To justify ending Florida’s Prepaid College program — the largest in the country — Republican state Sen. Evelyn Lynn claimed the popular plan is, “a huge liability — far larger than pension, far larger than most anything we have.”

Nationwide, Republicans and tea party members echo the cry that because tax revenues are down, programs they have long targeted must be cut. Florida Gov. Rick Scott (R/Tea) is using the message to cut education funding and gut environmental and consumer protection laws.

But in this case, and so many others, Republicans are simply making stuff up to bolster their flimsy logic.

  • The Florida Prepaid Tuition program has $10 billion in assets and $9.5 billion in liabilities
  • For those able to do math, this means the program is running with a $500 million surplus
  • Two years ago, Sen. Lynn herself floated the idea of raiding the Florida Prepaid plan to fund other initiatives

Boehner, Republicans Want You to Believe U.S. is ‘Broke’

House Speaker John Boehner routinely offers this diagnosis of the U.S.’s fiscal condition: “We’re broke; broke going on bankrupt.” Trouble is, it’s not true, according to Bloomberg News.

“The U.S. government is not broke,” said Marc Chandler, global head of currency strategy for Brown Brothers Harriman & Co. in New York. “There’s no evidence that the market is treating the U.S. government like it’s broke.”

  • The U.S. is able to borrow at historically low interest rates, paying 0.68 percent on a two-year note that it had to offer at 5.1 percent before the financial crisis began in 2007.
  • Financial products that pay off if Uncle Sam defaults aren’t attracting unusual investor demand.
  • Tax revenue as a percentage of the economy is at a 60-year low, meaning if the government needs to raise cash and can summon the political will, it could do so.

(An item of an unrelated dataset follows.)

(* Fix a replacement rule $\{p_{(R,\alpha)}(\mathbf{x})\}_{(R,\alpha)}$ satisfying the Fixation Axiom and a mutational bias $\nu\in(0,1)$. Then for each state $\mathbf{x}\in\{0,1\}^G$, $\lim_{u\to0}\pi_{\mathrm{MSS}}(\mathbf{x})$ exists and $$\lim_{u\to0}\pi_{\mathrm{MSS}}(\mathbf{x})=\begin{cases}\dfrac{\nu b(\mathbf{a})\rho_A}{\nu b(\mathbf{a})\rho_A+(1-\nu)b(\mathbf{A})\rho_a} & \mathbf{x}=\mathbf{A},\\[3mm] \dfrac{(1-\nu)b(\mathbf{A})\rho_a}{\nu b(\mathbf{a})\rho_A+(1-\nu)b(\mathbf{A})\rho_a} & \mathbf{x}=\mathbf{a},\\[3mm] 0 & \mathbf{x}\notin\{\mathbf{a},\mathbf{A}\},\end{cases}$$ where $\rho_A,\rho_a$ are the fixation probabilities for this replacement rule at $u=0$.
   Context: Setting. $G$ is a finite nonempty set of genetic sites, $n=|G|$. A state is $\mathbf{x}\in\{0,1\}^G$ ($x_g=1$: allele $A$ at site $g$; $0$: allele $a$). For $S\subseteq G$, $\mathbf{1}_S$ has $x_g=1$ iff $g\in S$; $\mathbf{a}=\mathbf{1}_\emptyset$, $\mathbf{A}=\mathbf{1}_G$. A replacement event is $(R,\alpha)$ with $R\subseteq G$, $\alpha:R\to G$; a replacement rule gives for each state a probability distribution $\{p_{(R,\alpha)}(\mathbf{x})\}$ over events. With mutation probability $u\in[0,1]$ and bias $\nu\in(0,1)$, the evolutionary Markov chain moves from $\mathbf{x}$: draw $(R,\alpha)$ with probability $p_{(R,\alpha)}(\mathbf{x})$; independently for $g\in R$, $x'_g=x_{\alpha(g)}$ w.p. $1-u$, $x'_g=1$ w.p. $u\nu$, $x'_g=0$ w.p. $u(1-\nu)$; $x'_g=x_g$ for $g\notin R$. $P^{(t)}_{\mathbf{x}\to\mathbf{y}}$ denotes $t$-step transition probabilities. Fixation Axiom: there exist $g\in G$, $m\ge1$, events $(R_k,\alpha_k)_{k=1}^m$ with $p_{(R_k,\alpha_k)}(\mathbf{x})>0$ for all $k,\mathbf{x}$, $g\in R_k$ for some $k$, and $\tilde\alpha_1\circ\cdots\circ\tilde\alpha_m(h)=g$ for all $h\in G$, where $\tilde\alpha_k$ equals $\alpha_k$ on $R_k$ and the identity elsewhere. Quantities: $e_{gh}(\mathbf{x})=\sum_{(R,\alpha):h\in R,\alpha(h)=g}p_{(R,\alpha)}(\mathbf{x})$, $b_g=\sum_h e_{gh}$, $d_g=\sum_h e_{hg}$, $b=\sum_gb_g$. At $u=0$, $\mathbf{a},\mathbf{A}$ are absorbing and absorption occurs a.s. Mutant appearance distributions: $\mu_A(\mathbf{1}_{\{g\}})=d_g(\mathbf{a})/b(\mathbf{a})$ (zero on other states), $\mu_a(\mathbf{1}_{G\setminus\{g\}})=d_g(\mathbf{A})/b(\mathbf{A})$ (zero elsewhere); $\rho_A=\sum_\mathbf{x}\mu_A(\mathbf{x})\lim_{t\to\infty}P^{(t)}_{\mathbf{x}\to\mathbf{A}}$, $\rho_a=\sum_\mathbf{x}\mu_a(\mathbf{x})\lim_{t\to\infty}P^{(t)}_{\mathbf{x}\to\mathbf{a}}$, both computed at $u=0$. For $u>0$ the chain has a unique stationary distribution $\pi_{\mathrm{MSS}}$ (mutation–selection stationary distribution). *)

theory Defs
  imports Complex_Main
begin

The U.S. does face long-term fiscal dangers — since 2009, federal debt measured against total economic output has increased by more than 50 percent and the White House projects annual budget deficits continuing indefinitely. But as long as we are paying our bills, we ain’t broke, Mr. Boehner.

Huckabee Is the One Distorting the Facts of Single Motherhood

Fundamentalist Republican candidate for president Mike Huckabee said, “Most single moms are very poor, uneducated, can’t get a job, and if it weren’t for government assistance, their kids would be starving to death and would not get health care.”

Facts:

  • 79.5% of custodial single mothers are employed
  • 27% of custodial single mothers and their children live in poverty; the other 73% do not
  • 22% receive Medicaid; 78% do not
  • 23.5% receive food stamps; 76.5% do not
  • 12% receive some form of public housing or rent subsidy; 88% do not

Republicans Desperately Want You to Believe The Stimulus Failed, But Facts Tell a Different Story

GOP House leader John Boehner and other Republicans insist stimulus spending was a waste. But did the Recovery act fail?

NO. According to the Economic Policy Institute:

The Recovery Act was enacted at a time when the private economy was contracting by more than a 6 percent annual rate and losing more than 750,000 jobs a month. In the first full quarter after its enactment, the Recovery Act had cut average monthly private job losses by more than a third and slowed the economic contraction to a -0.7 percent annual rate… EPI analysis shows that by the end of 2010 the Recovery Act had created or saved 3 million to 4 million jobs, and up to 5 million full-time equivalent jobs. It had also boosted gross domestic product by up to $560 billion and reduced the unemployment rate up to 1.8 percentage points.